▶ **Source data**:
lemma openin_wBB_basic_nbhd:
  assumes "openin (wBB s) U" "x \<in> U"
  obtains F \<epsilon> where "finite F" "\<epsilon> > 0" "{y. \<forall>c\<in>F. \<bar>s y c - s x c\<bar> < \<epsilon>} \<subseteq> U"
proof -
  define nbhd where "nbhd x F \<epsilon> = {y. \<forall>c\<in>F. \<bar>s y c - s x c\<bar> < \<epsilon>}" for x F \<epsilon>
  have "generate_topology_on {(\<lambda>b. s b c) -` V | c V. open V} U"
    using assms(1) unfolding wBB_def by (simp add: openin_topology_generated_by_iff)
  then have "\<forall>x\<in>U. \<exists>F \<epsilon>. finite F \<and> \<epsilon> > 0 \<and> nbhd x F \<epsilon> \<subseteq> U"
  proof (induction rule: generate_topology_on.induct)
    case Empty
    then show ?case by simp
  next
    case (Int U1 U2)
    show ?case
    proof
      fix x assume x: "x \<in> U1 \<inter> U2"
      obtain F1 \<epsilon>1 where "finite F1" "\<epsilon>1 > 0" "nbhd x F1 \<epsilon>1 \<subseteq> U1"
        using Int.IH(1) x by blast
      moreover obtain F2 \<epsilon>2 where "finite F2" "\<epsilon>2 > 0" "nbhd x F2 \<epsilon>2 \<subseteq> U2"
        using Int.IH(2) x by blast
      ultimately show "\<exists>F \<epsilon>. finite F \<and> \<epsilon> > 0 \<and> nbhd x F \<epsilon> \<subseteq> U1 \<inter> U2"
        by (intro exI[of _ "F1 \<union> F2"] exI[of _ "min \<epsilon>1 \<epsilon>2"]) (auto simp: nbhd_def)
    qed
  next
    case (UN K)
    show ?case
    proof
      fix x assume "x \<in> \<Union>K"
      then obtain k where k: "k \<in> K" "x \<in> k" by blast
      then obtain F \<epsilon> where "finite F" "\<epsilon> > 0" "nbhd x F \<epsilon> \<subseteq> k"
        using UN.IH by blast
      then show "\<exists>F \<epsilon>. finite F \<and> \<epsilon> > 0 \<and> nbhd x F \<epsilon> \<subseteq> \<Union>K"
        using k(1) by blast
    qed
  next
    case (Basis W)
    then obtain c V where W: "W = (\<lambda>b. s b c) -` V" "open V" by blast
    show ?case
    proof
      fix x assume "x \<in> W"
      then obtain \<epsilon> where "\<epsilon> > 0" "\<forall>r. \<bar>r - s x c\<bar> < \<epsilon> \<longrightarrow> r \<in> V"
        using W open_dist[of V] by (auto simp: dist_real_def)
      then show "\<exists>F \<epsilon>. finite F \<and> \<epsilon> > 0 \<and> nbhd x F \<epsilon> \<subseteq> W"
        using W by (intro exI[of _ "{c}"] exI[of _ \<epsilon>]) (auto simp: nbhd_def)
    qed
  qed
  then show ?thesis using assms(2) that unfolding nbhd_def by blast
qed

▶ **Prompt**: A complete, exact copy of the entries is required.

▶ **Result for this exercise**:
lemma openin_wBB_basic_nbhd:
  assumes "openin (wBB s) U" "x \<in> U"
  obtains F \<epsilon> where "finite F" "\<epsilon> > 0" "{y. \<forall>c\<in>F. \<bar>s y c - s x c\<bar> < \<epsilon>} \<subseteq> U"
proof -
  define nbhd where "nbhd x F \<epsilon> = {y. \<forall>c\<in>F. \<bar>s y c - s x c\<bar> < \<epsilon>}" for x F \<epsilon>
  have "generate_topology_on {(\<lambda>b. s b c) -` V | c V. open V} U"
    using assms(1) unfolding wBB_def by (simp add: openin_topology_generated_by_iff)
  then have "\<forall>x\<in>U. \<exists>F \<epsilon>. finite F \<and> \<epsilon> > 0 \<and> nbhd x F \<epsilon> \<subseteq> U"
  proof (induction rule: generate_topology_on.induct)
    case Empty
    then show ?case by simp
  next
    case (Int U1 U2)
    show ?case
    proof
      fix x assume x: "x \<in> U1 \<inter> U2"
      obtain F1 \<epsilon>1 where "finite F1" "\<epsilon>1 > 0" "nbhd x F1 \<epsilon>1 \<subseteq> U1"
        using Int.IH(1) x by blast
      moreover obtain F2 \<epsilon>2 where "finite F2" "\<epsilon>2 > 0" "nbhd x F2 \<epsilon>2 \<subseteq> U2"
        using Int.IH(2) x by blast
      ultimately show "\<exists>F \<epsilon>. finite F \<and> \<epsilon> > 0 \<and> nbhd x F \<epsilon> \<subseteq> U1 \<inter> U2"
        by (intro exI[of _ "F1 \<union> F2"] exI[of _ "min \<epsilon>1 \<epsilon>2"]) (auto simp: nbhd_def)
    qed
  next
    case (UN K)
    show ?case
    proof
      fix x assume "x \<in> \<Union>K"
      then obtain k where k: "k \<in> K" "x \<in> k" by blast
      then obtain F \<epsilon> where "finite F" "\<epsilon> > 0" "nbhd x F \<epsilon> \<subseteq> k"
        using UN.IH by blast
      then show "\<exists>F \<epsilon>. finite F \<and> \<epsilon> > 0 \<and> nbhd x F \<epsilon> \<subseteq> \<Union>K"
        using k(1) by blast
    qed
  next
    case (Basis W)
    then obtain c V where W: "W = (\<lambda>b. s b c) -` V" "open V" by blast
    show ?case
    proof
      fix x assume "x \<in> W"
      then obtain \<epsilon> where "\<epsilon> > 0" "\<forall>r. \<bar>r - s x c\<bar> < \<epsilon> \<longrightarrow> r \<in> V"
        using W open_dist[of V] by (auto simp: dist_real_def)
      then show "\<exists>F \<epsilon>. finite F \<and> \<epsilon> > 0 \<and> nbhd x F \<epsilon> \<subseteq> W"
        using W by (intro exI[of _ "{c}"] exI[of _ \<epsilon>]) (auto simp: nbhd_def)
    qed
  qed
  then show ?thesis using assms(2) that unfolding nbhd_def by blast
qed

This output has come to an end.